I have these rpm's of ocfs2 installed, on a SLES 10, running on x86_46, with
a
kernel: 2.6.16.27-0.6-smp:
ocfs2-tools-1.2.2-0.2
ocfs2console-1.2.2-0.2
while all this happens, I see the following messages in the logs:
this is the log from the first host mounting this device:
Feb 19 10:53:25 ppsnfs102 kernel: ocfs2: Mounting device (8,1) on (node 1,
slot 1)
Feb 19 10:54:45 ppsnfs102 kernel: o2net: connected to node ppsnfs101 (num 0)
at 192.168.102.31:7777
Feb 19 10:54:49 ppsnfs102 kernel: ocfs2_dlm: Node 0 joins domain
CAD397436504401B86AA79A8BCAE88D4
Feb 19 10:54:49 ppsnfs102 kernel: ocfs2_dlm: Nodes in domain
("CAD397436504401B86AA79A8BCAE88D4"): 0 1
Feb 19 10:54:55 ppsnfs102 kernel: o2net: no longer connected to node ppsnfs101
(num 0) at 192.168.102.31:7777
this is the messages, from the second host mounting the device:
Feb 19 10:50:59 ppsnfs101 zmd: Daemon (WARN): Not starting remote web server
Feb 19 10:51:02 ppsnfs101 kernel: eth1: no IPv6 routers present
Feb 19 10:51:03 ppsnfs101 kernel: eth0: no IPv6 routers present
Feb 19 10:54:45 ppsnfs101 kernel: o2net: accepted connection from node
ppsnfs102 (num 1) at 192.168.102.32:7777
Feb 19 10:54:49 ppsnfs101 kernel: OCFS2 1.2.3-SLES Thu Aug 17 11:38:33 PDT
2006 (build sles)
Feb 19 10:54:49 ppsnfs101 kernel: ocfs2_dlm: Nodes in domain
("CAD397436504401B86AA79A8BCAE88D4"): 0 1
Feb 19 10:54:49 ppsnfs101 kernel: kjournald starting.  Commit interval 5
seconds
Feb 19 10:54:49 ppsnfs101 kernel: ocfs2: Mounting device (8,1) on (node 0,
slot 0)
Feb 19 10:54:55 ppsnfs101 kernel: o2net: connection to node ppsnfs102 (num 1)

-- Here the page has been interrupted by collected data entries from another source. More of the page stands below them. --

lemma rk_contract:
  assumes "X \<subseteq> E - {z}"
  shows "rk (contract_indep E indep z) X + rk indep {z} = rk indep (insert z X)"
proof -
  obtain I0 where I0: "I0 \<subseteq> {z}" "indep I0" "card I0 = rk indep {z}"
    using rk_witness .
  moreover have "I0 \<subseteq> insert z X"
    using I0(1) by blast
  ultimately obtain J where J: "I0 \<subseteq> J" "J \<subseteq> insert z X" "indep J" "card J = rk indep (insert z X)"
    by (metis indep_extend_to_rk)
  define I where "I = J - {z}"
  have "indep (J \<inter> {z})"
    using J(3) by (rule indep_subset) blast
  then have "card (J \<inter> {z}) \<le> rk indep {z}"
    using card_le_rk by blast
  moreover have "card I0 \<le> card (J \<inter> {z})"
    using I0(1) J(1) by (intro card_mono) auto
  moreover have "card J = card I + card (J \<inter> {z})"
    unfolding I_def using indep_finite[OF J(3)]
    by (subst card_Un_disjoint[symmetric]) (auto simp: Un_Diff_Int)
  ultimately have card_J: "card J = card I + rk indep {z}"
    using I0(3) by linarith
  have "card J \<le> rk indep (insert z I)"
    by (rule card_le_rk[OF J(3)]) (auto simp: I_def)
  moreover have "rk indep (insert z I) \<le> rk indep (insert z X)"
    using J(2) unfolding I_def by (intro rk_mono) blast
  ultimately have "rk indep (insert z I) = card J"
    using J(4) by linarith
  moreover have "I \<subseteq> E - {z}"
    using indep_subset_ground[OF J(3)] unfolding I_def by blast
  ultimately have I_indep: "contract_indep E indep z I"
    unfolding contract_indep_def using card_J by simp
  have "card I' \<le> rk indep (insert z X) - rk indep {z}"
    if "I' \<subseteq> X" "contract_indep E indep z I'" for I'
  proof -
    have "rk indep (insert z I') \<le> rk indep (insert z X)"
      using that(1) by (intro rk_mono) blast
    with that(2) show ?thesis
      unfolding contract_indep_def by linarith
  qed
  moreover have "I \<subseteq> X"
    using J(2) unfolding I_def by blast
  ultimately have "rk (contract_indep E indep z) X = rk indep (insert z X) - rk indep {z}"
    using I_indep J(4) card_J by (intro rk_eqI[where J=I]) auto
  then show ?thesis
    using J(4) card_J by linarith
qed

at 192.168.102.32:7777 has been idle for 10 seconds, shuttin
g it down.
Feb 19 10:54:55 ppsnfs101 kernel: (0,0):o2net_idle_timer:1314 here are some
times that might help debug the situation: (tmr 1171878885.425
241 now 1171878895.425628 dr 1171878890.425647 adv
1171878890.425655:1171878890.425657 func (573d7565:505)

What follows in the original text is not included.